The Free Market Corruption of Public Knowledge in Markets

The breakdown of the economic model of public knowledge has been matched by a similar decline in the creation of specialist, economically-relevant information used by markets, regulators and policy-makers. ‘Big Bang’ in the UK in 1985-6 was intended to create real competition and more efficient trading in the London Stock Exchange. But, instead, it spawned a system whereby international investment banks ended up providing information and advice to both buyers and sellers as well as their own investment arms (Augar, 2000). Market forces encouraged low cost trading and multiple participants but, at the same time, devalued and corrupted the production and dissemination of investment research and market-relevant information. Financial journalists and analysts alike became dependent on the self-interested investor relations material produced by sellers, and the self-serving analysis of investment banks (Davis, 2007). The degradation of financial market information in the City was a strong contributory factor to the dot.com boom of the 1990s and the bust that followed in 2000. In effect, the application of extreme market forces to markets themselves has resulted in the corruption of market-relevant information within those markets.

It has been a similar story with financial markets in the US and with a series of financial scandals, bubbles and crises in the US, UK and elsewhere (Lewis, 2011, 2014, Engelen et al., 2011, Ferguson, 2012). The subprime mortgage bubble, the massive rise of derivatives markets, the general expansion of the shadow banking sector, the growth of high frequency trading and the libor scandal, all have much in common. They all involve abundant flows of low-cost lending, insiders and outsiders, and conflicts of interest. But, they also share problems associated with the production, dissemination and regulation of market information. New communication technologies, deregulation and the complexity of modern finance, have each contributed to massive information inequalities and information corruption across markets. Not only are outsiders continually disadvantaged, regulators and credit-rating agencies cannot keep up. They are unable to access what is happening in the shadow banking sector, in the OTC derivatives market, and in ‘dark pool’ trading centres of finance. Neither are they able to effectively rate the risks of new financial products nor spot cumulative market-wide risks building up.
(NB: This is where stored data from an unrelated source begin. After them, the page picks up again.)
abbreviation disclose2 :: "bool \<Rightarrow> bool option \<Rightarrow> bool option \<Rightarrow> bool \<Rightarrow> bool option \<Rightarrow> bool option"
  where "disclose2 \<equiv> \<lambda>e1 s1 r1 e2 s2. s2"

definition mu2_empty :: "real \<Rightarrow> real \<Rightarrow> real" where
  "mu2_empty \<mu> \<rho> = \<rho> * \<mu> + (1 - \<rho>) * (1 - \<mu>)"

text \<open>Period-2 payoffs under disclosure: \<open>p\<close> is the belief that \<open>\<omega>2 = 1\<close> and \<open>x\<close> maps the
  second report to the decision.\<close>

definition agent_value2 :: "real \<Rightarrow> real \<Rightarrow> real \<Rightarrow> bool \<Rightarrow> (bool option \<Rightarrow> bool) \<Rightarrow> real" where
  "agent_value2 p \<pi> c e x =
     (if e then p * of_bool (x (Some True)) + (1 - p) * of_bool (x (Some False)) - c
      else (1 - \<pi>) * of_bool (x None)
        + \<pi> * (p * of_bool (x (Some True)) + (1 - p) * of_bool (x (Some False))))"

definition principal_value2 :: "real \<Rightarrow> real \<Rightarrow> real \<Rightarrow> bool \<Rightarrow> (bool option \<Rightarrow> bool) \<Rightarrow> real" where
  "principal_value2 p \<pi> k e x =
     (if e then p * of_bool (x (Some True)) + (1 - p) * of_bool (\<not> x (Some False)) - k
      else (1 - \<pi>) * (p * of_bool (x None) + (1 - p) * of_bool (\<not> x None))
        + \<pi> * (p * of_bool (x (Some True)) + (1 - p) * of_bool (\<not> x (Some False))))"

definition agent_value_at :: "real \<Rightarrow> real \<Rightarrow> real \<Rightarrow> real \<Rightarrow> (bool option \<Rightarrow> bool option \<Rightarrow> bool) \<Rightarrow>
    bool \<Rightarrow> bool option \<Rightarrow> bool option \<Rightarrow> bool \<Rightarrow> real" where
  "agent_value_at \<mu> \<rho> \<pi> c xh e1 s1 r1 e2 =
     (\<Sum>s2\<in>UNIV. natw \<mu> \<rho> \<pi> e1 s1 e2 s2 * agent_u c xh r1 s2 e1 e2)"

lemma agent_value_at_eq:
  "agent_value_at \<mu> \<rho> \<pi> c xh False None r1 e2 = (1 - \<pi>) * agent_value2 (mu2_empty \<mu> \<rho>) \<pi> c e2 (xh r1)"
  "agent_value_at \<mu> \<rho> \<pi> c xh False (Some True) r1 e2 = \<pi> * \<mu> * agent_value2 \<rho> \<pi> c e2 (xh r1)"
  "agent_value_at \<mu> \<rho> \<pi> c xh False (Some False) r1 e2 =
     \<pi> * (1 - \<mu>) * agent_value2 (1 - \<rho>) \<pi> c e2 (xh r1)"
  "agent_value_at \<mu> \<rho> \<pi> c xh True None r1 e2 = 0"
  "agent_value_at \<mu> \<rho> \<pi> c xh True (Some True) r1 e2 = \<mu> * (agent_value2 \<rho> \<pi> c e2 (xh r1) - c)"
  "agent_value_at \<mu> \<rho> \<pi> c xh True (Some False) r1 e2 =
     (1 - \<mu>) * (agent_value2 (1 - \<rho>) \<pi> c e2 (xh r1) - c)"
  unfolding agent_value_at_def agent_value2_def natw_def prior_def obs_def agent_u_def mu2_empty_def
  by (cases e2; simp add: sum_UNIV_bool sum_UNIV_bool_option algebra_simps)+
The Corruption of Public Knowledge Used to Inform Economic Policy, Regulation and Taxation

A comparable set of problems are present when it comes to accounting, taxation and economic policy. It is the same big four accountancy firms that dominate when it comes to both auditing companies and offering these same organisations accounting services; and the same big four that advise governments and tax inspectors on accountancy regulations. It is the same investment bank managers who get senior positions in government treasuries and regulatory institutions, before returning to those same investment banks. And the same esteemed economists who write authoritative reports used in decision-making but which are paid for by vested interests (Ferguson, 2012, Shaxson, 2012, Murphy, 2013). In effect, the production of financial and economic information, that is used to inform decision-making on behalf of the public, is itself riddled with conflicts of interest. This allows tax avoidance by big business and the super-rich on a massive scale. It also produces regressive taxation systems that facilitate the continuing transfer of capital from the poorest to the richest 1%.
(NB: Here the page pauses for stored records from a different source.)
lemma ground_state_diagonal_perturbation:
  assumes herm1: "hermitian_kernel n h1" and herm2: "hermitian_kernel n h2"
    and diag: "\<And>a b. a < n \<Longrightarrow> b < n \<Longrightarrow> h1 a b - h2 a b = (if a = b then of_real (d b) else 0)"
    and gs1: "kernel_ground_state n h1 E1 f1" and gs2: "kernel_ground_state n h2 E2 f2"
    and same: "(\<Sum>a<n. d a * (cmod (f1 a))^2) = (\<Sum>a<n. d a * (cmod (f2 a))^2)"
  shows "\<forall>a<n. of_real (d a) * f2 a = of_real (E1 - E2) * f2 a"
proof -
  define V where "V = (\<Sum>a<n. d a * (cmod (f2 a))^2)"
  have split: "quad_form n h1 f = quad_form n h2 f + of_real (\<Sum>a<n. d a * (cmod (f a))^2)" for f
    using quad_form_diff[of n h1 h2 f] quad_form_diagonal[of n "\<lambda>a b. h1 a b - h2 a b" d f] diag
    by simp
  have norms: "sq_norm n f1 = 1" "sq_norm n f2 = 1"
    and bounds: "spectrum_lower_bound n h1 E1" "spectrum_lower_bound n h2 E2"
    and eigen2: "\<forall>a<n. kernel_apply n h2 f2 a = of_real E2 * f2 a"
    using gs1 gs2 unfolding kernel_ground_state_def by auto
  have energies: "Re (quad_form n h1 f1) = E1" "Re (quad_form n h2 f2) = E2"
    using gs1 gs2 quad_form_eigen[of n h1 f1 E1] quad_form_eigen[of n h2 f2 E2]
    unfolding kernel_ground_state_def by auto
  have "E1 \<le> Re (quad_form n h1 f2)"
    using quad_form_ge_ground_energy[OF herm1 bounds(1), of f2] norms by simp
  moreover have "Re (quad_form n h1 f2) = E2 + V"
    using split[of f2] energies V_def by simp
  moreover have "E2 \<le> Re (quad_form n h2 f1)"
    using quad_form_ge_ground_energy[OF herm2 bounds(2), of f1] norms by simp
  moreover have "Re (quad_form n h2 f1) = E1 - V"
    using split[of f1] energies same V_def by simp
  ultimately have "Re (quad_form n h1 f2) = E1 * sq_norm n f2"
    using norms by simp
  then have eigen1: "\<forall>a<n. kernel_apply n h1 f2 a = of_real E1 * f2 a"
    by (rule ground_energy_attained_imp_eigen[OF herm1 bounds(1)])
  show ?thesis
  proof (intro allI impI)
    fix a assume a: "a < n"
    have "of_real (d a) * f2 a = kernel_apply n (\<lambda>a b. h1 a b - h2 a b) f2 a"
      using kernel_apply_diagonal[of n _ d, OF diag a] by simp
    also have "\<dots> = of_real (E1 - E2) * f2 a"
      unfolding kernel_apply_diff using eigen1 eigen2 a by (simp add: algebra_simps)
    finally show "of_real (d a) * f2 a = of_real (E1 - E2) * f2 a" .
  qed
qed

section \<open>The hypercube\<close>

lemma flip_bit_flip_bit [simp]: "flip_bit k (flip_bit k (b::nat)) = b"
  by (rule bit_eqI) (auto simp: bit_flip_bit_iff)

lemma flip_bit_neq: "flip_bit k (b::nat) \<noteq> b"
proof
  assume "flip_bit k b = b"
  then have "bit (flip_bit k b) k = bit b k" by simp
  then show False by (simp add: bit_flip_bit_iff)
qed

lemma flip_bit_less_power2:
  assumes "k < N" "(b::nat) < 2^N"
  shows "flip_bit k b < 2^N"
proof -
  have "take_bit N b = b" using assms(2) by (simp add: take_bit_nat_eq_self_iff)
  then have "take_bit N (flip_bit k b) = flip_bit k b"
    using assms(1) by (simp add: take_bit_flip_bit_eq)
  then show ?thesis by (simp add: take_bit_nat_eq_self_iff)
qed

lemma not_bit_ge_length:
  assumes "(b::nat) < 2^N" "N \<le> k"
  shows "\<not> bit b k"
proof -
  have "take_bit N b = b" using assms(1) by (simp add: take_bit_nat_eq_self_iff)
  then show ?thesis using assms(2) by (metis bit_take_bit_iff not_le)
qed

lemma hypercube_induct:
  assumes "P b0" and "b0 < (2::nat)^N"
    and step: "\<And>b k. b < 2^N \<Longrightarrow> k < N \<Longrightarrow> P b \<Longrightarrow> P (flip_bit k b)"
  shows "c < 2^N \<Longrightarrow> P c"
proof (induction "card {k. k < N \<and> bit c k \<noteq> bit b0 k}" arbitrary: c rule: less_induct)
  case less
  define D where "D = {k. k < N \<and> bit c k \<noteq> bit b0 k}"
  show ?case
  proof (cases "D = {}")
    case True
    have "c = b0"
    proof (rule bit_eqI)
      fix k show "bit c k = bit b0 k"
        using True not_bit_ge_length[OF less.prems] not_bit_ge_length[OF assms(2)]
        unfolding D_def by (cases "k < N") auto
    qed
    then show ?thesis using assms(1) by simp
  next
    case False
    then obtain k where k: "k \<in> D" by auto
    define c' where "c' = flip_bit k c"
    have c': "c' < 2^N" unfolding c'_def using flip_bit_less_power2 k less.prems D_def by auto
    have "{j. j < N \<and> bit c' j \<noteq> bit b0 j} = D - {k}"
      unfolding c'_def D_def using k D_def by (auto simp: bit_flip_bit_iff)
    moreover have "card (D - {k}) < card D"
      using k by (intro card_Diff1_less) (auto simp: D_def)
    ultimately have "P c'" using less.hyps[OF _ c'] D_def by simp
    then have "P (flip_bit k c')" using step[OF c'] k D_def by simp
    then show ?thesis unfolding c'_def by simp
  qed
qed

section \<open>Matrix elements of the Hamiltonian\<close>

text \<open>[spin_sign N i b] is the [\<sigma>z] eigenvalue of site [i] on basis state [b], and
  [flip_count N a b] the matrix element of [\<Sum>i. \<sigma>x_i].\<close>

definition spin_sign :: "nat \<Rightarrow> nat \<Rightarrow> nat \<Rightarrow> real" where
  "spin_sign N i b = (if bit b (N - i) then -1 else 1)"

definition flip_count :: "nat \<Rightarrow> nat \<Rightarrow> nat \<Rightarrow> real" where
  "flip_count N a b = (\<Sum>i\<in>{1..<N+1}. if a = flip_bit (N - i) b then 1 else 0)"

definition ising_energy :: "nat \<Rightarrow> (nat \<Rightarrow> nat \<Rightarrow> real) \<Rightarrow> nat \<Rightarrow> real" where
  "ising_energy N J b = (\<Sum>i\<in>{1..<N+1}. \<Sum>j\<in>{i+1..<N+1}. J i j * (spin_sign N i b * spin_sign N j b))"

definition spin_parity :: "nat \<Rightarrow> nat \<Rightarrow> real" where
  "spin_parity N b = (\<Prod>i\<in>{1..<N+1}. spin_sign N i b)"

lemma spin_sign_0: "spin_sign N i 0 = 1"
  unfolding spin_sign_def by simp

lemma spin_sign_mult_self: "spin_sign N i b * spin_sign N i b = 1"
  unfolding spin_sign_def by simp

lemma spin_sign_flip_bit:
  assumes "i \<in> {1..<N+1}" "k \<in> {1..<N+1}"
  shows "spin_sign N i (flip_bit (N - k) b) = (if i = k then - spin_sign N i b else spin_sign N i b)"
proof -
  have "N - k = N - i \<longleftrightarrow> i = k" using assms by auto
  then show ?thesis unfolding spin_sign_def by (auto simp: bit_flip_bit_iff)
qed

lemma spin_parity_mult_self: "spin_parity N b * spin_parity N b = 1"
  unfolding spin_parity_def prod.distrib[symmetric] spin_sign_mult_self by simp

lemma spin_parity_flip_bit:
  assumes k: "k \<in> {1..<N+1}"
  shows "spin_parity N (flip_bit (N - k) b) = - spin_parity N b"
proof -
  have "spin_parity N (flip_bit (N - k) b)
      = (\<Prod>i\<in>{1..<N+1}. if i = k then - spin_sign N i b else spin_sign N i b)"
    unfolding spin_parity_def by (intro prod.cong refl) (use spin_sign_flip_bit k in auto)
  also have "\<dots> = - spin_sign N k b * (\<Prod>i\<in>{1..<N+1} - {k}. spin_sign N i b)"
    using k by (subst prod.remove[of _ k]) (auto intro!: prod.cong)
  also have "\<dots> = - spin_parity N b"
    unfolding spin_parity_def using k by (subst (2) prod.remove[of _ k]) auto
  finally show ?thesis .
qed

lemma flip_count_nonneg: "flip_count N a b \<ge> 0"
  unfolding flip_count_def by (intro sum_nonneg) auto

lemma flip_count_sym: "flip_count N a b = flip_count N b a"
  unfolding flip_count_def by (intro sum.cong refl) (metis flip_bit_flip_bit)

lemma flip_count_same: "flip_count N a a = 0"
proof -
  have "a \<noteq> flip_bit k a" for k using flip_bit_neq[of k a] by simp
  then show ?thesis unfolding flip_count_def by simp
qed

lemma flip_count_flip_bit:
  assumes "k < N"
  shows "flip_count N b (flip_bit k b) \<ge> 1"
proof -
  have "N - k \<in> {1..<N+1}" using assms by auto
  then have "(if b = flip_bit (N - (N - k)) (flip_bit k b) then 1 else 0::real)
      \<le> flip_count N b (flip_bit k b)"
    unfolding flip_count_def by (rule member_le_sum) auto
  then show ?thesis using assms by simp
qed

lemma spin_parity_opposite:
  assumes "flip_count N a b \<noteq> 0"
  shows "spin_parity N a = - spin_parity N b"
proof -
  have "\<exists>i\<in>{1..<N+1}. a = flip_bit (N - i) b"
  proof (rule ccontr)
    assume "\<not> ?thesis"
    then have "flip_count N a b = 0" unfolding flip_count_def by (intro sum.neutral) auto
    with assms show False by simp
  qed
  then show ?thesis using spin_parity_flip_bit by blast
qed

lemma msum_carrier: "\<forall>A\<in>set As. A \<in> carrier_mat n n \<Longrightarrow> msum n As \<in> carrier_mat n n"
  by (induction As) (auto simp: msum_def)

lemma index_msum:
  "\<forall>A\<in>set As. A \<in> carrier_mat n n \<Longrightarrow> a < n \<Longrightarrow> b < n \<Longrightarrow>
    msum n As $$ (a, b) = (\<Sum>A\<leftarrow>As. A $$ (a, b))"
proof (induction As)
  case (Cons A As)
  then have "msum n As \<in> carrier_mat n n" by (intro msum_carrier) simp
  with Cons show ?case by (simp add: msum_def)
qed (simp add: msum_def)

lemma sigma_x_carrier: "sigma_x N i \<in> carrier_mat (2^N) (2^N)"
  by (simp add: sigma_x_def)

lemma sigma_z_carrier: "sigma_z N i \<in> carrier_mat (2^N) (2^N)"
  by (simp add: sigma_z_def)

lemma sigma_zz_carrier: "sigma_z N i * sigma_z N j \<in> carrier_mat (2^N) (2^N)"
  using mult_carrier_mat[OF sigma_z_carrier sigma_z_carrier] .

lemma sigma_dims [simp]:
  "dim_row (sigma_x N i) = 2^N" "dim_col (sigma_x N i) = 2^N"
  "dim_row (sigma_z N i) = 2^N" "dim_col (sigma_z N i) = 2^N"
  by (simp_all add: sigma_x_def sigma_z_def)

lemma index_sigma_x:
  "a < 2^N \<Longrightarrow> b < 2^N \<Longrightarrow> sigma_x N i $$ (a, b) = (if a = flip_bit (N - i) b then 1 else 0)"
  by (simp add: sigma_x_def site_bit_def)

lemma index_sigma_z:
  "a < 2^N \<Longrightarrow> b < 2^N \<Longrightarrow> sigma_z N i $$ (a, b) = (if a = b then of_real (spin_sign N i b) else 0)"
  by (simp add: sigma_z_def site_bit_def spin_sign_def)

lemma index_sigma_zz:
  assumes a: "a < 2^N" and b: "b < 2^N"
  shows "(sigma_z N i * sigma_z N j) $$ (a, b)
    = (if a = b then of_real (spin_sign N i b * spin_sign N j b) else 0)"
proof -
  have "(sigma_z N i * sigma_z N j) $$ (a, b) = (\<Sum>k<2^N. sigma_z N i $$ (a, k) * sigma_z N j $$ (k, b))"
    using a b sigma_z_carrier[of N i] sigma_z_carrier[of N j]
    by (auto simp: scalar_prod_def atLeast0LessThan intro!: sum.cong)
  also have "\<dots> = (\<Sum>k<2^N. if k = a then (if a = b then of_real (spin_sign N i b * spin_sign N j b) else 0) else 0)"
    using a b by (intro sum.cong refl) (auto simp: index_sigma_z)
  also have "\<dots> = (if a = b then of_real (spin_sign N i b * spin_sign N j b) else 0)"
    using a by simp
  finally show ?thesis .
qed

lemma sum_list_concat_map:
  "(\<Sum>x\<leftarrow>concat (map (\<lambda>i. map (g i) (ys i)) xs). f x) = (\<Sum>i\<leftarrow>xs. \<Sum>j\<leftarrow>ys i. f (g i j))"
  by (induction xs) (auto simp: o_def)

lemma index_transverse_field:
  assumes "a < 2^N" "b < 2^N"
  shows "msum (2^N) (map (\<lambda>i. complex_of_real \<Omega> \<cdot>\<^sub>m sigma_x N i) [1..<N+1]) $$ (a, b)
    = of_real (\<Omega> * flip_count N a b)"
proof -
  have "msum (2^N) (map (\<lambda>i. complex_of_real \<Omega> \<cdot>\<^sub>m sigma_x N i) [1..<N+1]) $$ (a, b)
      = (\<Sum>i\<in>{1..<N+1}. of_real \<Omega> * sigma_x N i $$ (a, b))"
    using assms sigma_x_carrier
    by (simp add: index_msum interv_sum_list_conv_sum_set_nat o_def del: upt_Suc sum.op_ivl_Suc)
  also have "\<dots> = (\<Sum>i\<in>{1..<N+1}. of_real (\<Omega> * (if a = flip_bit (N - i) b then 1 else 0)))"
    using assms by (intro sum.cong refl) (simp add: index_sigma_x)
  also have "\<dots> = of_real (\<Omega> * flip_count N a b)"
    unfolding flip_count_def sum_distrib_left of_real_sum ..
  finally show ?thesis .
qed

lemma index_longitudinal_field:
  assumes "a < 2^N" "b < 2^N"
  shows "msum (2^N) (map (\<lambda>i. complex_of_real \<delta> \<cdot>\<^sub>m sigma_z N i) [1..<N+1]) $$ (a, b)
    = of_real (if a = b then \<delta> * (\<Sum>i\<in>{1..<N+1}. spin_sign N i b) else 0)"
proof -
  have "msum (2^N) (map (\<lambda>i. complex_of_real \<delta> \<cdot>\<^sub>m sigma_z N i) [1..<N+1]) $$ (a, b)
      = (\<Sum>i\<in>{1..<N+1}. of_real \<delta> * sigma_z N i $$ (a, b))"
    using assms sigma_z_carrier
    by (simp add: index_msum interv_sum_list_conv_sum_set_nat o_def del: upt_Suc sum.op_ivl_Suc)
  also have "\<dots> = of_real (if a = b then \<delta> * (\<Sum>i\<in>{1..<N+1}. spin_sign N i b) else 0)"
    using assms by (simp add: index_sigma_z sum_distrib_left del: sum.op_ivl_Suc)
  finally show ?thesis .
qed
If accountancy and taxation public knowledge is compromised so are other areas of specialist information that guide public policy and regulation of the economy. Rich and powerful individuals and organisations have always had more privileged access to political and administrative decision-makers (Lukes, 2005). But, they are now advantaged more than ever because of their influence over the creation of specialist economic and market knowledge which then becomes used by non-expert politicians and civil servants. As economics, finance and science become more fast-moving and complex, so we have arrived at a new age of technical experts and specialist information intermediaries available for hire. These include lawyers, lobbyists, think-tankers and financiers as well as economists and accountants (Cave and Rowell, 2014). It is the super-rich and large corporations which can now afford to pay for the brightest and most able in these professions and to buy as much expertise and research as is necessary.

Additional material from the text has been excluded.